Литмир - Электронная Библиотека
Содержание  
A
A

— Вы знаете графа, милорд?

— Я встречался с ним в палаццо Гримани.

— Мне говорили, что он человек недюжинный и что Бонапарт очень любит его. Слышали ли вы об этом?

— Да, слышал кое-что, но самому мне не пришлось в этом убедиться на деле.

— Да, конечно, тем более, что вы ведь особенно и не интересовались им.

— Он меня интересует настолько, что, когда я встречусь с ним в вашем доме...

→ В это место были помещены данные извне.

lemma L2T_iff: "u \<in> L2T \<longleftrightarrow> u \<in> borel_measurable \<mu> \<and> integrable \<mu> (\<lambda>\<theta>. (cmod (u \<theta>))\<^sup>2)"
  unfolding L2T_def set_borel_measurable_def set_integrable_def
  by (simp add: borel_measurable_restrict_space_iff integrable_restrict_space)

lemma fcoeff_eq_integral:
  "fcoeff u j = complex_of_real (1/(2*pi)) * integral\<^sup>L \<mu> (\<lambda>\<theta>. u \<theta> * cnj (ebasis j \<theta>))"
  unfolding fcoeff_def set_lebesgue_integral_def by (simp add: integral_restrict_space)

lemma aeqT_iff_AE: "aeqT u v \<longleftrightarrow> (AE \<theta> in \<mu>. u \<theta> = v \<theta>)"
  unfolding aeqT_def by (simp add: AE_restrict_space_iff)

lemma l2normT_eq: "l2normT u = sqrt (integral\<^sup>L \<mu> (\<lambda>\<theta>. (cmod (u \<theta>))\<^sup>2))"
  unfolding l2normT_def set_lebesgue_integral_def by (simp add: integral_restrict_space)

lemma AE_torus_interior: "AE x in \<mu>. x \<in> {0<..<2*pi}"
proof -
  have "{0, 2*pi} \<in> null_sets lebesgue"
    by (rule null_sets_completionI) (rule finite_imp_null_set_lborel, simp)
  then have "AE x in lebesgue. x \<in> torus \<longrightarrow> x \<in> {0<..<2*pi}"
    by (rule AE_not_in[THEN eventually_mono]) auto
  then show ?thesis by (subst AE_restrict_space_iff) simp_all
qed

lemma continuous_on_torus_measurable: "continuous_on torus f \<Longrightarrow> f \<in> borel_measurable \<mu>"
  by (rule continuous_imp_measurable_on_sets_lebesgue) auto

lemma continuous_on_torus_integral:
  fixes f :: "real \<Rightarrow> 'a::euclidean_space"
  assumes "continuous_on torus f"
  shows "integrable \<mu> f" "integral\<^sup>L \<mu> f = integral torus f"
proof -
  show integrable: "integrable \<mu> f" by (rule continuous_imp_integrable_real[OF assms])
  show "integral\<^sup>L \<mu> f = integral torus f" by (rule lebesgue_integral_eq_integral[OF integrable]) simp
qed

lemma integral_const_torus: "integral\<^sup>L \<mu> (\<lambda>_. c::real) = 2*pi*c"
  using continuous_on_torus_integral(2)[of "\<lambda>_. c"] by (simp add: integral_const_real)

lemma measure_torus [simp]: "measure \<mu> torus = 2*pi"
  using integral_const_torus[of 1] by simp

lemma integrable_bounded_torus:
  fixes f :: "real \<Rightarrow> 'a::{banach,second_countable_topology}"
  assumes "f \<in> borel_measurable \<mu>" "\<And>x. x \<in> torus \<Longrightarrow> norm (f x) \<le> B"
  shows "integrable \<mu> f"
  by (rule finite_measure.integrable_const_bound[OF finite_measure_torus, of f B])
    (use assms in \<open>auto intro!: AE_I2\<close>)

lemma integrable_mult_bounded:
  fixes f g :: "real \<Rightarrow> complex"
  assumes "integrable \<mu> f" "g \<in> borel_measurable \<mu>" "\<And>x. x \<in> torus \<Longrightarrow> norm (g x) \<le> B"
  shows "integrable \<mu> (\<lambda>x. f x * g x)"
proof (rule Bochner_Integration.integrable_bound)
  show "integrable \<mu> (\<lambda>x. B * norm (f x))" using assms(1) by auto
  show "(\<lambda>x. f x * g x) \<in> borel_measurable \<mu>"
    using borel_measurable_integrable[OF assms(1)] assms(2) by measurable
  show "AE x in \<mu>. norm (f x * g x) \<le> norm (B * norm (f x))"
  proof (rule AE_I2)
    fix x assume "x \<in> space \<mu>"
    then have "norm (f x * g x) \<le> norm (f x) * \<bar>B\<bar>"
      using assms(3) by (auto simp: norm_mult intro!: mult_left_mono order_trans[OF _ abs_ge_self])
    then show "norm (f x * g x) \<le> norm (B * norm (f x))" by (simp add: abs_mult mult.commute)
  qed
qed

lemma measurable_norm_sq [measurable]:
  "u \<in> borel_measurable \<mu> \<Longrightarrow> (\<lambda>x. (cmod (u x))\<^sup>2) \<in> borel_measurable \<mu>"
  by measurable

lemma cnj_borel_measurable [measurable]: "cnj \<in> borel_measurable borel"
  by (intro borel_measurable_continuous_onI continuous_intros)

lemma L2T_measurable: "u \<in> L2T \<Longrightarrow> u \<in> borel_measurable \<mu>"
  by (simp add: L2T_iff)

lemma L2T_integrable_norm_sq: "u \<in> L2T \<Longrightarrow> integrable \<mu> (\<lambda>\<theta>. (cmod (u \<theta>))\<^sup>2)"
  by (simp add: L2T_iff)

lemma integrable_const_torus: "integrable \<mu> (\<lambda>_. c::real)"
  by (rule integrable_bounded_torus[where B="\<bar>c\<bar>"]) auto

lemma norm_le_one_plus_norm_sq: "norm x \<le> 1 + (norm x)\<^sup>2"
proof -
  have "2 * norm x \<le> (norm x)\<^sup>2 + 1" using sum_squares_bound[of "norm x" 1] by simp
  then show ?thesis using norm_ge_zero[of x] by linarith
qed

lemma norm_mult_le_sum_norm_sq: "cmod (a * b) \<le> (cmod a)\<^sup>2 + (cmod b)\<^sup>2"
proof -
  have "2 * (cmod a * cmod b) \<le> (cmod a)\<^sup>2 + (cmod b)\<^sup>2"
    using sum_squares_bound[of "cmod a" "cmod b"] by (simp add: mult.assoc)
  then show ?thesis using mult_nonneg_nonneg[OF norm_ge_zero norm_ge_zero, of a b] unfolding norm_mult by linarith
qed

— Как в моем доме, Лоренцо?

— Так, я встречусь с ним у вас через неделю, согласитесь со мной и устройте мне это. Если иностранцы куда-либо идут без всякого подозрения в Венеции, так это только в ваш дом, маркиза. Вы его не знаете, но вам стоит только поманить его пальцем, чтобы он очутился у вас в доме. Постарайтесь сегодня же познакомиться с ним: в этом вам никто не будет препятствовать, так как я предупрежу о чем надо инквизиторов. Я сегодня же представлю им свои требования и прибегну к чувствам патриотов. Но справедливость требует того, чтобы Гастон получил хоть одно предостережение, я позабочусь и об этом. Пусть он покинет Венецию добровольно, пока еще есть время.

— Как вы благородны, Лоренцо, какое сострадательное сердце бьется в вашей груди! Я не удивляюсь тому, что народ любит вас, и все это вы делаете для моей бедной дорогой родины!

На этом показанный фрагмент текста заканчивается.